**Task requirements**
A single number is required: how many lines below include the string "auto".

- Opening Delimiter -

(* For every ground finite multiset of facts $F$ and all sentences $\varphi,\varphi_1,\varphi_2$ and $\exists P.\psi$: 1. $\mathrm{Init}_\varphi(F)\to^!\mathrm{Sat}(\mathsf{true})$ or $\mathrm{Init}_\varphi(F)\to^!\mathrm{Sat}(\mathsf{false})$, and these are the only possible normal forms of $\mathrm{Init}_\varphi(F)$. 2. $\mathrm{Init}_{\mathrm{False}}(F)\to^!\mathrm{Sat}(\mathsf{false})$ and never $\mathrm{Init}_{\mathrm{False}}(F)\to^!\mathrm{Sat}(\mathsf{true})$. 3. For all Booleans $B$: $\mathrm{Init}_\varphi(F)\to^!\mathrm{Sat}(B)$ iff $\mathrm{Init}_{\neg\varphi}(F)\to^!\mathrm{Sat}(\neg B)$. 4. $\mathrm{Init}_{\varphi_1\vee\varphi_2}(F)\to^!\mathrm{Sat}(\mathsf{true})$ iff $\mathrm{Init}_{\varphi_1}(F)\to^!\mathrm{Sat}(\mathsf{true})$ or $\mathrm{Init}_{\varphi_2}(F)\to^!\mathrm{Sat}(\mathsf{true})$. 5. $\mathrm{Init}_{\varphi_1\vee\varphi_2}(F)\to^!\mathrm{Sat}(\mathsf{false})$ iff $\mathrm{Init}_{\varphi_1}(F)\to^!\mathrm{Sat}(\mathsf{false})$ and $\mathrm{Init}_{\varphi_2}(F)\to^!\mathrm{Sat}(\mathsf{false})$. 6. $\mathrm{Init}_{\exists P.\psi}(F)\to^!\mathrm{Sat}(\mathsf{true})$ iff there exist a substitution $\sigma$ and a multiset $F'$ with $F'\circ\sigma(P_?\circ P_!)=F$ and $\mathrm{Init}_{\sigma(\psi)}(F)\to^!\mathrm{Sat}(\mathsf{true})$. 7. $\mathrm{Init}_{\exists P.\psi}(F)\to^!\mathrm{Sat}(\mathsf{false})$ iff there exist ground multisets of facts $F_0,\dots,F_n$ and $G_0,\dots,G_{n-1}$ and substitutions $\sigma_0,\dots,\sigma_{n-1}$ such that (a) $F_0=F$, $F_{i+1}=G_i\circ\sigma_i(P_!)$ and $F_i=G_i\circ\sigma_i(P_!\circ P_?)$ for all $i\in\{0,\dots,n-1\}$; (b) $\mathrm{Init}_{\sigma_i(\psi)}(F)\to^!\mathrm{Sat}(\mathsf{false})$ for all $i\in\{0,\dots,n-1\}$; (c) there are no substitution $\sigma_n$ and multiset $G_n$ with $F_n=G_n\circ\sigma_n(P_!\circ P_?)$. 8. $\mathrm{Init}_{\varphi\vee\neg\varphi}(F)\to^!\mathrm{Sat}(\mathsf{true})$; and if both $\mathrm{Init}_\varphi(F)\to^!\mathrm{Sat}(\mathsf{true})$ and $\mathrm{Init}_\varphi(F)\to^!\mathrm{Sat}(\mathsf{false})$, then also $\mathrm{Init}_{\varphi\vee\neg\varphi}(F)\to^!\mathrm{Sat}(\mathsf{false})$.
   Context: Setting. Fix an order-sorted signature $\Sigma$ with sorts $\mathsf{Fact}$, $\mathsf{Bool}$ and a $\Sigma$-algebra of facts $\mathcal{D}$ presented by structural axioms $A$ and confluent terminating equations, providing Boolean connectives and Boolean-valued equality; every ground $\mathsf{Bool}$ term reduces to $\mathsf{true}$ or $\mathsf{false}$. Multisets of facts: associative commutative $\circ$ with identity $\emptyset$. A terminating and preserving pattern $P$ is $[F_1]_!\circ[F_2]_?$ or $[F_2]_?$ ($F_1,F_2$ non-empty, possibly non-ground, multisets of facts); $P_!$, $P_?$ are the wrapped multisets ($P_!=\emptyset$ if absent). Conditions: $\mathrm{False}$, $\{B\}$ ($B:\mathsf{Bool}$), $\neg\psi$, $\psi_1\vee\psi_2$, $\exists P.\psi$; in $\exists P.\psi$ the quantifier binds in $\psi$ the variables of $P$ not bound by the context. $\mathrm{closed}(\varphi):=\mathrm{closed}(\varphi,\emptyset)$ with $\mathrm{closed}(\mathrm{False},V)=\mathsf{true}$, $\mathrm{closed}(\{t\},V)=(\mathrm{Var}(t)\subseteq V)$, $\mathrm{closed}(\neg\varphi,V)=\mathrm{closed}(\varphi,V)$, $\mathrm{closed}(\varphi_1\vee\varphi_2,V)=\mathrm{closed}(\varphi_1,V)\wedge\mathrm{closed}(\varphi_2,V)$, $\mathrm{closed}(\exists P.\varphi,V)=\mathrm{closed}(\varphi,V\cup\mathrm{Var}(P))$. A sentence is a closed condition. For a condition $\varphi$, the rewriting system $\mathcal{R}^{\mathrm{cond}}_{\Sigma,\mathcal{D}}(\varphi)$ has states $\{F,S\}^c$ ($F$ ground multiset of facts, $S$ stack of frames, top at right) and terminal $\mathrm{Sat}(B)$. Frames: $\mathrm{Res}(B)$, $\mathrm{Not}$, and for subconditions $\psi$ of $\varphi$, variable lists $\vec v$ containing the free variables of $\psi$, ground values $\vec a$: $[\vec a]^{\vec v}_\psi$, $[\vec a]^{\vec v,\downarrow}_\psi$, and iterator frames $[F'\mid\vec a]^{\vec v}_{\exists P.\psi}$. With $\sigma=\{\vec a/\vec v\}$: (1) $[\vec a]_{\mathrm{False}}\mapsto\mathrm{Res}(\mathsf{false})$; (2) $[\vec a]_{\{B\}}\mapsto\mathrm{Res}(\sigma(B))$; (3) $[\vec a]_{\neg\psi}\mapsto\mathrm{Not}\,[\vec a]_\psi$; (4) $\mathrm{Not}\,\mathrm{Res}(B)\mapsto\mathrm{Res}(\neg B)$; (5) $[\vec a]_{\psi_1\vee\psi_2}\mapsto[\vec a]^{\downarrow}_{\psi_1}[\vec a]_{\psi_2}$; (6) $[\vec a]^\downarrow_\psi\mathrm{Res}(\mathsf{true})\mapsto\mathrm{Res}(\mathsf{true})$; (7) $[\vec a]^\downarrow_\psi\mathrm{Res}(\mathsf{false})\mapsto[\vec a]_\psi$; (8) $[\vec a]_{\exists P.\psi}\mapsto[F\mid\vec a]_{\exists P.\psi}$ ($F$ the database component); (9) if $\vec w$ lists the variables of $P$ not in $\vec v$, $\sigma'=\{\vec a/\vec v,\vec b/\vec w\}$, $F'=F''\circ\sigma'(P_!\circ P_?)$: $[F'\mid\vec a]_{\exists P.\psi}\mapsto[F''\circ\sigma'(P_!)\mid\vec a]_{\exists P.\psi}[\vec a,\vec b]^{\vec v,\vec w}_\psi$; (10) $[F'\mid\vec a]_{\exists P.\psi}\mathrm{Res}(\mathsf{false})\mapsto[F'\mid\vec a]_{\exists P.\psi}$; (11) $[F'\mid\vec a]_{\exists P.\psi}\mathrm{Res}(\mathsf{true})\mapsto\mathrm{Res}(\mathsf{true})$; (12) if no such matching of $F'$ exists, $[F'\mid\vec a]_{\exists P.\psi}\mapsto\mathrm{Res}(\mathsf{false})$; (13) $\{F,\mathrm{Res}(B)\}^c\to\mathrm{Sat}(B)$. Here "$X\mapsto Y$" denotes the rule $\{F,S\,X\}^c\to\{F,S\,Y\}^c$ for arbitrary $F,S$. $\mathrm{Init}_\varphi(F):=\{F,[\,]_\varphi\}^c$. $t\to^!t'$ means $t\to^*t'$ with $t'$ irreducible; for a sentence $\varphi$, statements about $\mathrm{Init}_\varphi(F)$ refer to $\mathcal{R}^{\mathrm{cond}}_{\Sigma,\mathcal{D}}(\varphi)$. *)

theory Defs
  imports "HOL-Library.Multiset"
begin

- Closing Delimiter -
- Opening Delimiter -

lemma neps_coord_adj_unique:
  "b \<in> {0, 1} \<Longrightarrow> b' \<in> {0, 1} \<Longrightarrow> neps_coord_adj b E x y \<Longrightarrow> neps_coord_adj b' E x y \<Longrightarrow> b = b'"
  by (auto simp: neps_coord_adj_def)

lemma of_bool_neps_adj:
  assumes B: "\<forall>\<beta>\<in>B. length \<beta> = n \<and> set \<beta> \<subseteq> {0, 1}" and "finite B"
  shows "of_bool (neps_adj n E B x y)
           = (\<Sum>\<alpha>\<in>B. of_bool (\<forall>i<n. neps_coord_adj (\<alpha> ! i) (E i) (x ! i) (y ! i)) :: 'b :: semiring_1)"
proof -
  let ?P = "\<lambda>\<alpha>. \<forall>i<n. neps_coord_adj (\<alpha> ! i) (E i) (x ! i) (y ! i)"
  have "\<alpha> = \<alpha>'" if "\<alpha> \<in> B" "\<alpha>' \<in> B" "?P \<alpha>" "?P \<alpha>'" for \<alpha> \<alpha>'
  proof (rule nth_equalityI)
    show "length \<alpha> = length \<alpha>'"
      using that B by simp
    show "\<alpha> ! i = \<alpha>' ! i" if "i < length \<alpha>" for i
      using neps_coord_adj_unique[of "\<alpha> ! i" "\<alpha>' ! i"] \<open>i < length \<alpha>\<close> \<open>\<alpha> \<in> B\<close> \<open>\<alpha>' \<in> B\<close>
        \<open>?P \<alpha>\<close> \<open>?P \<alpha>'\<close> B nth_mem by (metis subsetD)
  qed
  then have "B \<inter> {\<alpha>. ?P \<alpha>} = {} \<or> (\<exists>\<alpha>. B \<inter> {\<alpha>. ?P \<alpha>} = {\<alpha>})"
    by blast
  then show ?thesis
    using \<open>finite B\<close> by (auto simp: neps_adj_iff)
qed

- Closing Delimiter -

**Task result**
2